■ WHAT THE EXERCISE ASKS:
A line containing "text \<open>Vectors of" appears in the material below. Return exactly every line from the first through that one, and only those.

■ TASK DATA:
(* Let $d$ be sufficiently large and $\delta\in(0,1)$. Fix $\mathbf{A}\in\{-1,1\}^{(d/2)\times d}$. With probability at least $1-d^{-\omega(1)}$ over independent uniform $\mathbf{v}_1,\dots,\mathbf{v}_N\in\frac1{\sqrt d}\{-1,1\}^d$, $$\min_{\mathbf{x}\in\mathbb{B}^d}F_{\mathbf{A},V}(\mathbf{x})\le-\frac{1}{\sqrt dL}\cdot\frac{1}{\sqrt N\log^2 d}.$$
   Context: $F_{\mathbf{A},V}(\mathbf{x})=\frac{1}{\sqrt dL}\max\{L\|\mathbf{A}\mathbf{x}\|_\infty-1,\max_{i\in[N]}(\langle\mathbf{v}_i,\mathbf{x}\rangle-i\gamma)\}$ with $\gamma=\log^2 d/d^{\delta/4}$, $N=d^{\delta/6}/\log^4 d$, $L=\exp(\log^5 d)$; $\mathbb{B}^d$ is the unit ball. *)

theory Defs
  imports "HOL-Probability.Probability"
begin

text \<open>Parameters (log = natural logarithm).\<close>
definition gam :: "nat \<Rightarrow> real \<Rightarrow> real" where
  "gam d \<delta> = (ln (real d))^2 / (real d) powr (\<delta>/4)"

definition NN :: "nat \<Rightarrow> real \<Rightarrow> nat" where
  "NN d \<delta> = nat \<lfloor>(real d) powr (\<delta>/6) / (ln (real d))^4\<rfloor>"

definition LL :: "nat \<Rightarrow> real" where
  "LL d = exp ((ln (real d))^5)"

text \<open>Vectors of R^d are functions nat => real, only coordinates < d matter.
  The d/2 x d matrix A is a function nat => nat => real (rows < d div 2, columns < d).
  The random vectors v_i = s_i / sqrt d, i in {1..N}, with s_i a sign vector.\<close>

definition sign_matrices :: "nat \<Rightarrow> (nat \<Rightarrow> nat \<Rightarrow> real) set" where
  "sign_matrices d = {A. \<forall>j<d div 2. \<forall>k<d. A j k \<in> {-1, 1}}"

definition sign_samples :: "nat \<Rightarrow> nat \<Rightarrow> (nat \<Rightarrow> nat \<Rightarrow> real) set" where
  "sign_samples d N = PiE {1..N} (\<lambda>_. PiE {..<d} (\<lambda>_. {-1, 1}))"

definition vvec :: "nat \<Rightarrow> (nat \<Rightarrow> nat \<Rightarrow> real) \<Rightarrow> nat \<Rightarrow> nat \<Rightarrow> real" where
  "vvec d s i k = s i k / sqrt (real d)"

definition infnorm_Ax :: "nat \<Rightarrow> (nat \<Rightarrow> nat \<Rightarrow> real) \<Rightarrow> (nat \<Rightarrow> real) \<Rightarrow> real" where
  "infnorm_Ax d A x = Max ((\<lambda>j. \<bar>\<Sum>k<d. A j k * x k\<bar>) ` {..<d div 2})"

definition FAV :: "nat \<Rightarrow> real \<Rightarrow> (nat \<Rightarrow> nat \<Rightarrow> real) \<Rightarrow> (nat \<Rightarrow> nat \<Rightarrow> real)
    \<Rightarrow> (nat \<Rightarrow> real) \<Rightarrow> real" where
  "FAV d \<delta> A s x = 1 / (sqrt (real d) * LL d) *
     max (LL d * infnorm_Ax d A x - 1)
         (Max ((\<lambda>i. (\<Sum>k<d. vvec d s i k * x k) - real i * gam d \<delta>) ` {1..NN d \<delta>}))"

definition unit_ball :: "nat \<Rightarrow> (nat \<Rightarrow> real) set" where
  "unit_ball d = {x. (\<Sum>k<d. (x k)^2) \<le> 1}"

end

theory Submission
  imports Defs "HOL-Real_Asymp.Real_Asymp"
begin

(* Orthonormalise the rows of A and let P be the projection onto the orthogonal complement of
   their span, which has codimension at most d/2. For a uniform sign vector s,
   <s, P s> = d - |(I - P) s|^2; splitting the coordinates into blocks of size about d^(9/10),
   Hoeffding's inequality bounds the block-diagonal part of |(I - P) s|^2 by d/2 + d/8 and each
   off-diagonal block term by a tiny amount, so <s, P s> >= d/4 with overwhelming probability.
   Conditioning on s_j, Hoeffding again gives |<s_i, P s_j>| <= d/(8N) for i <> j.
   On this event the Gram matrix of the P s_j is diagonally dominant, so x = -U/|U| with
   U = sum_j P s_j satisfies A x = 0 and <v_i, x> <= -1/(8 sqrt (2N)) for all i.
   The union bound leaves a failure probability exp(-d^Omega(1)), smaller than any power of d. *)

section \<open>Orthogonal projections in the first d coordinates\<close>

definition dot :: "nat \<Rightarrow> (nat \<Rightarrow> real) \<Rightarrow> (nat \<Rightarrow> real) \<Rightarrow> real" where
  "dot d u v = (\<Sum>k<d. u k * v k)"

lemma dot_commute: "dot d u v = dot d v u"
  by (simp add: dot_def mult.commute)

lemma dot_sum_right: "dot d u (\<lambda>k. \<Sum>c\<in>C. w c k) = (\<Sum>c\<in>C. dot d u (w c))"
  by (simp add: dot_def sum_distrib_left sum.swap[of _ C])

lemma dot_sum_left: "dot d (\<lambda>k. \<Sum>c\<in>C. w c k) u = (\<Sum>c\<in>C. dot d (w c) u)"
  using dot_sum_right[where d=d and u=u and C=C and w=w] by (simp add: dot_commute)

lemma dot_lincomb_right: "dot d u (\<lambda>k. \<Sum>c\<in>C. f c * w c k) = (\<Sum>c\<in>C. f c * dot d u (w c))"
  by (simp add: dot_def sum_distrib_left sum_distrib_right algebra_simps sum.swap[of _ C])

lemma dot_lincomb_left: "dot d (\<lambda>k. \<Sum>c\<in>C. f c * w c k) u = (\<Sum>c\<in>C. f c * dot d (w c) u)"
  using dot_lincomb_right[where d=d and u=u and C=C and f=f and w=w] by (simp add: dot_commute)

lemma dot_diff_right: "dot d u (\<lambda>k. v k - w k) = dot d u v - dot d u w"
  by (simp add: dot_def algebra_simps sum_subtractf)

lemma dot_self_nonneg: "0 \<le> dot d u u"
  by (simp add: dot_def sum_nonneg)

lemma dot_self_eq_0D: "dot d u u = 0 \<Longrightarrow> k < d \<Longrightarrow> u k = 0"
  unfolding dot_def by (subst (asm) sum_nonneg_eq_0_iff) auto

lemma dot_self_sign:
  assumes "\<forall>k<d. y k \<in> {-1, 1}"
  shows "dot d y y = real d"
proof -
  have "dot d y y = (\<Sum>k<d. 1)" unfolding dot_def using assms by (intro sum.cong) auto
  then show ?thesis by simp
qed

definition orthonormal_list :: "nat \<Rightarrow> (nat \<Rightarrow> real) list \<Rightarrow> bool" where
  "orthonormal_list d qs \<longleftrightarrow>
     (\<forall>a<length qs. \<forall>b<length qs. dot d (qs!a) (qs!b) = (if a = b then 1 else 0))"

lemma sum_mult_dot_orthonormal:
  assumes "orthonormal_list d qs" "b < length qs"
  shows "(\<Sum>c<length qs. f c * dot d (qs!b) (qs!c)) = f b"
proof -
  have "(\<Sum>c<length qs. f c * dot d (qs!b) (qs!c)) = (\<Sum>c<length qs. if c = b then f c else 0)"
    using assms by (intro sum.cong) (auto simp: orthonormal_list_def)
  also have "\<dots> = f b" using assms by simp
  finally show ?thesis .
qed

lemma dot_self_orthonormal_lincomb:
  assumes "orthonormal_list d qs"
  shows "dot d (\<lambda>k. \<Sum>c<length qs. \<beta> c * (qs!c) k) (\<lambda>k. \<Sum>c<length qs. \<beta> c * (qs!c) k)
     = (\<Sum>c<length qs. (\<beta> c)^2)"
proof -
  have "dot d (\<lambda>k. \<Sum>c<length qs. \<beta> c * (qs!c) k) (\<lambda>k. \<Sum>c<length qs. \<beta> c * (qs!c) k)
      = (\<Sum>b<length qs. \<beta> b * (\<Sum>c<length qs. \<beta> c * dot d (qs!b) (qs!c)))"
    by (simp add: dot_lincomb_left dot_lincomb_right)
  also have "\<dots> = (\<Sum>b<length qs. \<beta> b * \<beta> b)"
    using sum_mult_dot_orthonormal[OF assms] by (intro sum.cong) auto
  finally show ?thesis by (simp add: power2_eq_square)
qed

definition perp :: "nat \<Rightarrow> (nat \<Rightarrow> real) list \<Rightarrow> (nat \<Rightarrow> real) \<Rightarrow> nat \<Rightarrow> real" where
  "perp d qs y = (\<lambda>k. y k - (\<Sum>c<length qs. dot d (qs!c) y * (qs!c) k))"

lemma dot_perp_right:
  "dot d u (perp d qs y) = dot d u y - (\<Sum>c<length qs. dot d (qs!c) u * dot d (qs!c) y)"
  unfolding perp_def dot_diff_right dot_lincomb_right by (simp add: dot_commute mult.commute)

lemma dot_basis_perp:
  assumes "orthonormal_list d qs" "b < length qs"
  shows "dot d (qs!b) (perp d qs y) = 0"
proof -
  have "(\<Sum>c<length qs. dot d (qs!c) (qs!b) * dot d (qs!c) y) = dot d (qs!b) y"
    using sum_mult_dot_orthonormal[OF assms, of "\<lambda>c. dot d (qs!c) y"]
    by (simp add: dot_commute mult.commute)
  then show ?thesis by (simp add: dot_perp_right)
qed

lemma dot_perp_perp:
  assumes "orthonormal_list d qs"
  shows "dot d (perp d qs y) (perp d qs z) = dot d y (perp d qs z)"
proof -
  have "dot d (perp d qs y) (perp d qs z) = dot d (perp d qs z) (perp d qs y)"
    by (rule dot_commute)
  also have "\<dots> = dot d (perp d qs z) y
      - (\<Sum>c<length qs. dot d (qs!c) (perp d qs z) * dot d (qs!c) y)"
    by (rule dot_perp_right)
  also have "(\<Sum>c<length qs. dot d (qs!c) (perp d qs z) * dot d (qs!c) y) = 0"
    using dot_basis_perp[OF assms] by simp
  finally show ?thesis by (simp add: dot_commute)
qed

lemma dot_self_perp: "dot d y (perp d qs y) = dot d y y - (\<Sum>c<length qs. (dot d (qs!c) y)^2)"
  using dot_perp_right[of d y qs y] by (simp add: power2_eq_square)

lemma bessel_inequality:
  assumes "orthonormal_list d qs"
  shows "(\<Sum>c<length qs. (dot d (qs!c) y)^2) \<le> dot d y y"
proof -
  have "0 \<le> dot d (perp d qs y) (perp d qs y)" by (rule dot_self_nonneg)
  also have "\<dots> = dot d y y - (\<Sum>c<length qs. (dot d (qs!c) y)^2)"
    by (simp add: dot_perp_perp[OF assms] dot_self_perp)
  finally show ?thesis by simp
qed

■ EXERCISE RESPONSE:
(* Let $d$ be sufficiently large and $\delta\in(0,1)$. Fix $\mathbf{A}\in\{-1,1\}^{(d/2)\times d}$. With probability at least $1-d^{-\omega(1)}$ over independent uniform $\mathbf{v}_1,\dots,\mathbf{v}_N\in\frac1{\sqrt d}\{-1,1\}^d$, $$\min_{\mathbf{x}\in\mathbb{B}^d}F_{\mathbf{A},V}(\mathbf{x})\le-\frac{1}{\sqrt dL}\cdot\frac{1}{\sqrt N\log^2 d}.$$
   Context: $F_{\mathbf{A},V}(\mathbf{x})=\frac{1}{\sqrt dL}\max\{L\|\mathbf{A}\mathbf{x}\|_\infty-1,\max_{i\in[N]}(\langle\mathbf{v}_i,\mathbf{x}\rangle-i\gamma)\}$ with $\gamma=\log^2 d/d^{\delta/4}$, $N=d^{\delta/6}/\log^4 d$, $L=\exp(\log^5 d)$; $\mathbb{B}^d$ is the unit ball. *)

theory Defs
  imports "HOL-Probability.Probability"
begin

text \<open>Parameters (log = natural logarithm).\<close>
definition gam :: "nat \<Rightarrow> real \<Rightarrow> real" where
  "gam d \<delta> = (ln (real d))^2 / (real d) powr (\<delta>/4)"

definition NN :: "nat \<Rightarrow> real \<Rightarrow> nat" where
  "NN d \<delta> = nat \<lfloor>(real d) powr (\<delta>/6) / (ln (real d))^4\<rfloor>"

definition LL :: "nat \<Rightarrow> real" where
  "LL d = exp ((ln (real d))^5)"

text \<open>Vectors of R^d are functions nat => real, only coordinates < d matter.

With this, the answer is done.